Your objective.
After finding the line with "text \<open>Vectors and" in the entries below, retype exactly each line from there through the line with "J)\<bar> | I J.", including that final line.

Data shown.
(* Consider the integer quadratic program: minimize $x^TQx$ subject to $Ax\le b$, $Cx=d$, $x\in\mathbb{Z}^n$. Suppose this program has an optimal solution, all of its optimal solutions are deep, and for every $y_i\in Y$ the row vector $y_i^TQ$ is linearly dependent on the rows of $C$. Then for every optimal solution $x^\star$ and every integer vector $\lambda\in\mathbb{Z}^r$, the vector $x^\star+Y\lambda$ is also an optimal solution.
   Context: Setting: $Q$ is an $n\times n$ integer symmetric matrix, $A$ an $m\times n$ integer matrix, $b\in\mathbb{Z}^m$, $C$ an integer matrix with $n$ columns and linearly independent rows, and $d$ an integer vector. $\Delta$ is the maximum absolute value of the determinant of a square submatrix of $C$. $y_1,\dots,y_r$ is a basis of the nullspace of $C$ consisting of integer vectors with $|y_i|_\infty\le\Delta^2$; $Y$ denotes both the set of these vectors and the $n\times r$ matrix with columns $y_1,\dots,y_r$. A feasible solution is an $x\in\mathbb{Z}^n$ with $Ax\le b$ and $Cx=d$; an optimal solution is a feasible solution minimizing $x^TQx$. A feasible solution $x$ is deep if $x+y_i$ and $x-y_i$ are feasible for all $y_i\in Y$. *)

theory Defs
  imports "Jordan_Normal_Form.Determinant" "Jordan_Normal_Form.DL_Submatrix"
begin

text \<open>Vectors and matrices are Jordan_Normal_Form vec/mat with explicit dimensions.
  Integer data is embedded into the reals (via map_mat/map_vec of_int) for linear-algebra notions.\<close>

definition rmat :: "int mat \<Rightarrow> real mat" where
  "rmat M = map_mat real_of_int M"

definition rvec :: "int vec \<Rightarrow> real vec" where
  "rvec v = map_vec real_of_int v"

definition rows_lin_indep :: "int mat \<Rightarrow> bool" where
  "rows_lin_indep C \<longleftrightarrow>
     (\<forall>u \<in> carrier_vec (dim_row C). transpose_mat (rmat C) *\<^sub>v u = 0\<^sub>v (dim_col C) \<longrightarrow> u = 0\<^sub>v (dim_row C))"

definition max_subdet :: "int mat \<Rightarrow> int" where
  "max_subdet C = Max {\<bar>det (submatrix C I J)\<bar> | I J.
       I \<subseteq> {0..<dim_row C} \<and> J \<subseteq> {0..<dim_col C} \<and> card I = card J}"

definition nullspace_basis :: "int mat \<Rightarrow> int mat \<Rightarrow> bool" where
  "nullspace_basis C Y \<longleftrightarrow>
     dim_row Y = dim_col C \<and>
     C * Y = 0\<^sub>m (dim_row C) (dim_col Y) \<and>
     (\<forall>c \<in> carrier_vec (dim_col Y). rmat Y *\<^sub>v c = 0\<^sub>v (dim_row Y) \<longrightarrow> c = 0\<^sub>v (dim_col Y)) \<and>
     (\<forall>z \<in> carrier_vec (dim_col C). rmat C *\<^sub>v z = 0\<^sub>v (dim_row C) \<longrightarrow>
        (\<exists>c \<in> carrier_vec (dim_col Y). z = rmat Y *\<^sub>v c))"

definition feasible :: "int mat \<Rightarrow> int vec \<Rightarrow> int mat \<Rightarrow> int vec \<Rightarrow> int vec \<Rightarrow> bool" where
  "feasible A b C d x \<longleftrightarrow> x \<in> carrier_vec (dim_col A) \<and>
     (\<forall>i < dim_row A. (A *\<^sub>v x) $ i \<le> b $ i) \<and> C *\<^sub>v x = d"

definition objective :: "int mat \<Rightarrow> int vec \<Rightarrow> int" where
  "objective Q x = x \<bullet> (Q *\<^sub>v x)"

definition optimal :: "int mat \<Rightarrow> int mat \<Rightarrow> int vec \<Rightarrow> int mat \<Rightarrow> int vec \<Rightarrow> int vec \<Rightarrow> bool" where
  "optimal Q A b C d x \<longleftrightarrow> feasible A b C d x \<and>
     (\<forall>z. feasible A b C d z \<longrightarrow> objective Q x \<le> objective Q z)"

definition deep :: "int mat \<Rightarrow> int vec \<Rightarrow> int mat \<Rightarrow> int vec \<Rightarrow> int mat \<Rightarrow> int vec \<Rightarrow> bool" where
  "deep A b C d Y x \<longleftrightarrow> feasible A b C d x \<and>
     (\<forall>i < dim_col Y. feasible A b C d (x + col Y i) \<and> feasible A b C d (x - col Y i))"

end

theory Submission
  imports Defs
begin

text \<open>For an optimal deep solution z and a null vector y of C with Q y in the row space of C,
  the form y^T Q y equals u^T C y = 0, so the objective is affine along the line z + t y:
  f(z \<plusminus> y) = f(z) \<plusminus> 2 y^T Q z. Both neighbours are feasible and f(z) is minimal,
  hence f(z + y) = f(z). Optimality is thus preserved by adding or subtracting any column
  of Y, and by induction by adding any integer combination Y \<lambda>.\<close>

lemma rvec_scalar_prod:
  assumes "v \<in> carrier_vec n" "w \<in> carrier_vec n"
  shows "real_of_int (v \<bullet> w) = rvec v \<bullet> rvec w"
  using assms by (simp add: scalar_prod_def rvec_def of_int_sum)

lemma rvec_mult_mat_vec:
  assumes "M \<in> carrier_mat k n" "v \<in> carrier_vec n"
  shows "rvec (M *\<^sub>v v) = rmat M *\<^sub>v rvec v"
  using of_int_hom.mult_mat_vec_hom[OF assms] by (simp add: rvec_def rmat_def)

lemma quadratic_form_vanishes_on_nullspace:
  fixes Q C :: "int mat" and y :: "int vec"
  assumes Q: "Q \<in> carrier_mat n n" and C: "C \<in> carrier_mat p n" and y: "y \<in> carrier_vec n"
    and Cy: "C *\<^sub>v y = 0\<^sub>v p" and u: "u \<in> carrier_vec p"
    and dep: "transpose_mat (rmat Q) *\<^sub>v rvec y = transpose_mat (rmat C) *\<^sub>v u"
  shows "y \<bullet> (Q *\<^sub>v y) = 0"
proof -
  have rQ: "rmat Q \<in> carrier_mat n n" and rC: "rmat C \<in> carrier_mat p n"
    and ry: "rvec y \<in> carrier_vec n"
    using Q C y by (auto simp: rmat_def rvec_def)
  have "real_of_int (y \<bullet> (Q *\<^sub>v y)) = rvec y \<bullet> (rmat Q *\<^sub>v rvec y)"
    using rvec_scalar_prod[OF y, of "Q *\<^sub>v y"] rvec_mult_mat_vec[OF Q y] mult_mat_vec_carrier[OF Q y] by simp
  also have "\<dots> = (transpose_mat (rmat Q) *\<^sub>v rvec y) \<bullet> rvec y"
    using transpose_vec_mult_scalar[OF rQ ry ry] by simp
  also have "\<dots> = u \<bullet> (rmat C *\<^sub>v rvec y)"
    unfolding dep using transpose_vec_mult_scalar[OF rC ry u] by simp
  also have "rmat C *\<^sub>v rvec y = 0\<^sub>v p"
    using rvec_mult_mat_vec[OF C y] Cy by (metis of_int_hom.vec_hom_zero rvec_def)
  finally show ?thesis using u by simp
qed

lemma objective_add:
  fixes Q :: "int mat"
  assumes Q: "Q \<in> carrier_mat n n" and Qsym: "transpose_mat Q = Q"
    and z: "z \<in> carrier_vec n" and y: "y \<in> carrier_vec n"
  shows "objective Q (z + y) = objective Q z + 2 * (y \<bullet> (Q *\<^sub>v z)) + y \<bullet> (Q *\<^sub>v y)"
proof -
  have Qz: "Q *\<^sub>v z \<in> carrier_vec n" and Qy: "Q *\<^sub>v y \<in> carrier_vec n" using Q z y by auto
  have "z \<bullet> (Q *\<^sub>v y) = y \<bullet> (Q *\<^sub>v z)"
    using transpose_vec_mult_scalar[OF Q y z] Qsym comm_scalar_prod[OF Qz y] by simp
  moreover have "objective Q (z + y)
      = z \<bullet> (Q *\<^sub>v z) + z \<bullet> (Q *\<^sub>v y) + (y \<bullet> (Q *\<^sub>v z) + y \<bullet> (Q *\<^sub>v y))"
    unfolding objective_def using Q z y Qz Qy
    by (simp add: mult_add_distrib_mat_vec[OF Q z y] add_scalar_prod_distrib[OF z y]
        scalar_prod_add_distrib[of _ n])
  ultimately show ?thesis unfolding objective_def by simp
qed

lemma objective_diff:
  fixes Q :: "int mat"
  assumes Q: "Q \<in> carrier_mat n n" and Qsym: "transpose_mat Q = Q"
    and z: "z \<in> carrier_vec n" and y: "y \<in> carrier_vec n"
  shows "objective Q (z - y) = objective Q z - 2 * (y \<bullet> (Q *\<^sub>v z)) + y \<bullet> (Q *\<^sub>v y)"
proof -
  have "Q *\<^sub>v (- y) = - (Q *\<^sub>v y)"
    using Q y by (intro eq_vecI) auto
  then show ?thesis
    using objective_add[OF Q Qsym z, of "- y"] minus_add_uminus_vec[OF z y] Q y z by simp
qed

lemma optimal_shift_if_quadratic_form_vanishes:
  fixes Q :: "int mat"
  assumes Q: "Q \<in> carrier_mat n n" and Qsym: "transpose_mat Q = Q" and A: "A \<in> carrier_mat m n"
    and y: "y \<in> carrier_vec n" and yQy: "y \<bullet> (Q *\<^sub>v y) = 0"
    and opt: "optimal Q A b C d z"
    and plus: "feasible A b C d (z + y)" and minus: "feasible A b C d (z - y)"
  shows "optimal Q A b C d (z + y)" "optimal Q A b C d (z - y)"
proof -
  have z: "z \<in> carrier_vec n" using opt A by (auto simp: optimal_def feasible_def)
  have "objective Q z \<le> objective Q (z + y)" "objective Q z \<le> objective Q (z - y)"
    using opt plus minus unfolding optimal_def by auto
  then have "objective Q (z + y) = objective Q z" "objective Q (z - y) = objective Q z"
    using objective_add[OF Q Qsym z y] objective_diff[OF Q Qsym z y] yQy by linarith+
  then show "optimal Q A b C d (z + y)" "optimal Q A b C d (z - y)"
    using opt plus minus unfolding optimal_def by auto
qed

lemma closed_under_int_multiples:
  fixes P :: "'a :: comm_ring_1 vec \<Rightarrow> bool"
  assumes carrier: "\<And>z. P z \<Longrightarrow> z \<in> carrier_vec n" and v: "v \<in> carrier_vec n"
    and plus: "\<And>z. P z \<Longrightarrow> P (z + v)" and minus: "\<And>z. P z \<Longrightarrow> P (z - v)"
    and z: "P z"
  shows "P (z + of_int c \<cdot>\<^sub>v v)"
proof (induction c rule: int_induct[of _ 0])
  case base
  have "z + of_int 0 \<cdot>\<^sub>v v = z" using carrier[OF z] v by (intro eq_vecI) auto
  then show ?case using z by simp
next
  case (step1 c)
  have "z + of_int (c + 1) \<cdot>\<^sub>v v = (z + of_int c \<cdot>\<^sub>v v) + v"
    using carrier[OF z] v by (intro eq_vecI) (auto simp: algebra_simps)
  then show ?case using plus[OF step1.IH] by simp
next
  case (step2 c)
  have "z + of_int (c - 1) \<cdot>\<^sub>v v = (z + of_int c \<cdot>\<^sub>v v) - v"
    using carrier[OF z] v by (intro eq_vecI) (auto simp: algebra_simps)
  then show ?case using minus[OF step2.IH] by simp
qed

lemma closed_under_lattice:
  fixes P :: "int vec \<Rightarrow> bool" and Y :: "int mat"
  assumes carrier: "\<And>z. P z \<Longrightarrow> z \<in> carrier_vec n" and Y: "Y \<in> carrier_mat n r"
    and shift: "\<And>j c z. j < r \<Longrightarrow> P z \<Longrightarrow> P (z + c \<cdot>\<^sub>v col Y j)"
    and z: "P z" and lam: "lam \<in> carrier_vec r"
  shows "P (z + Y *\<^sub>v lam)"
proof -
  define prefix where "prefix k = vec r (\<lambda>i. if i < k then lam $ i else 0)" for k
  have prefix_carrier: "prefix k \<in> carrier_vec r" for k unfolding prefix_def by simp
  have "P (z + Y *\<^sub>v prefix k)" if "k \<le> r" for k
    using that
  proof (induction k)
    case 0
    have "Y *\<^sub>v prefix 0 = 0\<^sub>v n"
      using Y unfolding prefix_def by (intro eq_vecI) (auto simp: scalar_prod_def)
    then show ?case using z carrier[OF z] by simp
  next
    case (Suc k)
    then have k: "k < r" by simp
    have "prefix (Suc k) = prefix k + (lam $ k) \<cdot>\<^sub>v unit_vec r k"
      unfolding prefix_def by (intro eq_vecI) (auto simp: unit_vec_def less_Suc_eq)
    moreover have "Y *\<^sub>v ((lam $ k) \<cdot>\<^sub>v unit_vec r k) = (lam $ k) \<cdot>\<^sub>v col Y k"
      using Y k by (intro eq_vecI) auto
    ultimately have "z + Y *\<^sub>v prefix (Suc k) = (z + Y *\<^sub>v prefix k) + (lam $ k) \<cdot>\<^sub>v col Y k"
      using mult_add_distrib_mat_vec[OF Y prefix_carrier, of "(lam $ k) \<cdot>\<^sub>v unit_vec r k"]
        carrier[OF z] Y k prefix_carrier[of k] by (simp add: assoc_add_vec)
    then show ?case using shift[OF k Suc.IH] Suc.prems by simp
  qed
  moreover have "prefix r = lam" using lam unfolding prefix_def by (intro eq_vecI) auto
  ultimately show ?thesis by blast
qed

theorem corollary1:
  fixes Q A C Y :: "int mat" and b d :: "int vec" and n m p r :: nat
  assumes Q: "Q \<in> carrier_mat n n" and Qsym: "transpose_mat Q = Q"
    and A: "A \<in> carrier_mat m n" and b: "b \<in> carrier_vec m"
    and C: "C \<in> carrier_mat p n" and d: "d \<in> carrier_vec p"
    and Cind: "rows_lin_indep C"
    and Y: "Y \<in> carrier_mat n r" and Ybasis: "nullspace_basis C Y"
    and Ybound: "\<forall>i < n. \<forall>j < r. \<bar>Y $$ (i, j)\<bar> \<le> (max_subdet C)\<^sup>2"
    and ex_opt: "\<exists>x. optimal Q A b C d x"
    and all_deep: "\<forall>x. optimal Q A b C d x \<longrightarrow> deep A b C d Y x"
    and dep: "\<forall>j < r. \<exists>u \<in> carrier_vec p.
                 transpose_mat (rmat Q) *\<^sub>v rvec (col Y j) = transpose_mat (rmat C) *\<^sub>v u"
  shows "\<forall>xs lam. optimal Q A b C d xs \<and> lam \<in> carrier_vec r \<longrightarrow>
           optimal Q A b C d (xs + Y *\<^sub>v lam)"
proof (intro allI impI, elim conjE)
  let ?opt = "optimal Q A b C d"
  have carrier: "z \<in> carrier_vec n" if "?opt z" for z
    using that A by (auto simp: optimal_def feasible_def)
  have shift_col: "?opt (z + col Y j)" "?opt (z - col Y j)" if j: "j < r" and z: "?opt z" for j z
  proof -
    have y: "col Y j \<in> carrier_vec n" using Y j by simp
    have "C * Y = 0\<^sub>m p r" using Ybasis C Y unfolding nullspace_basis_def by auto
    then have "C *\<^sub>v col Y j = 0\<^sub>v p" using col_mult2[OF C Y j] j by simp
    moreover obtain u where "u \<in> carrier_vec p"
      "transpose_mat (rmat Q) *\<^sub>v rvec (col Y j) = transpose_mat (rmat C) *\<^sub>v u"
      using dep j by blast
    ultimately have "col Y j \<bullet> (Q *\<^sub>v col Y j) = 0"
      using quadratic_form_vanishes_on_nullspace[OF Q C y] by blast
    moreover have "feasible A b C d (z + col Y j)" "feasible A b C d (z - col Y j)"
      using all_deep z j Y unfolding deep_def by auto
    ultimately show "?opt (z + col Y j)" "?opt (z - col Y j)"
      using optimal_shift_if_quadratic_form_vanishes[OF Q Qsym A y _ z] by auto
  qed
  have "?opt (z + c \<cdot>\<^sub>v col Y j)" if "j < r" "?opt z" for j c z
    using closed_under_int_multiples[of ?opt n "col Y j" z c] carrier shift_col that Y by simp
  then show "?opt (xs + Y *\<^sub>v lam)" if "?opt xs" "lam \<in> carrier_vec r" for xs lam
    using closed_under_lattice[OF carrier Y] that by blast
qed

end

Output of the task.
text \<open>Vectors and matrices are Jordan_Normal_Form vec/mat with explicit dimensions.
  Integer data is embedded into the reals (via map_mat/map_vec of_int) for linear-algebra notions.\<close>

definition rmat :: "int mat \<Rightarrow> real mat" where
  "rmat M = map_mat real_of_int M"

definition rvec :: "int vec \<Rightarrow> real vec" where
  "rvec v = map_vec real_of_int v"

definition rows_lin_indep :: "int mat \<Rightarrow> bool" where
  "rows_lin_indep C \<longleftrightarrow>
     (\<forall>u \<in> carrier_vec (dim_row C). transpose_mat (rmat C) *\<^sub>v u = 0\<^sub>v (dim_col C) \<longrightarrow> u = 0\<^sub>v (dim_row C))"

definition max_subdet :: "int mat \<Rightarrow> int" where
  "max_subdet C = Max {\<bar>det (submatrix C I J)\<bar> | I J.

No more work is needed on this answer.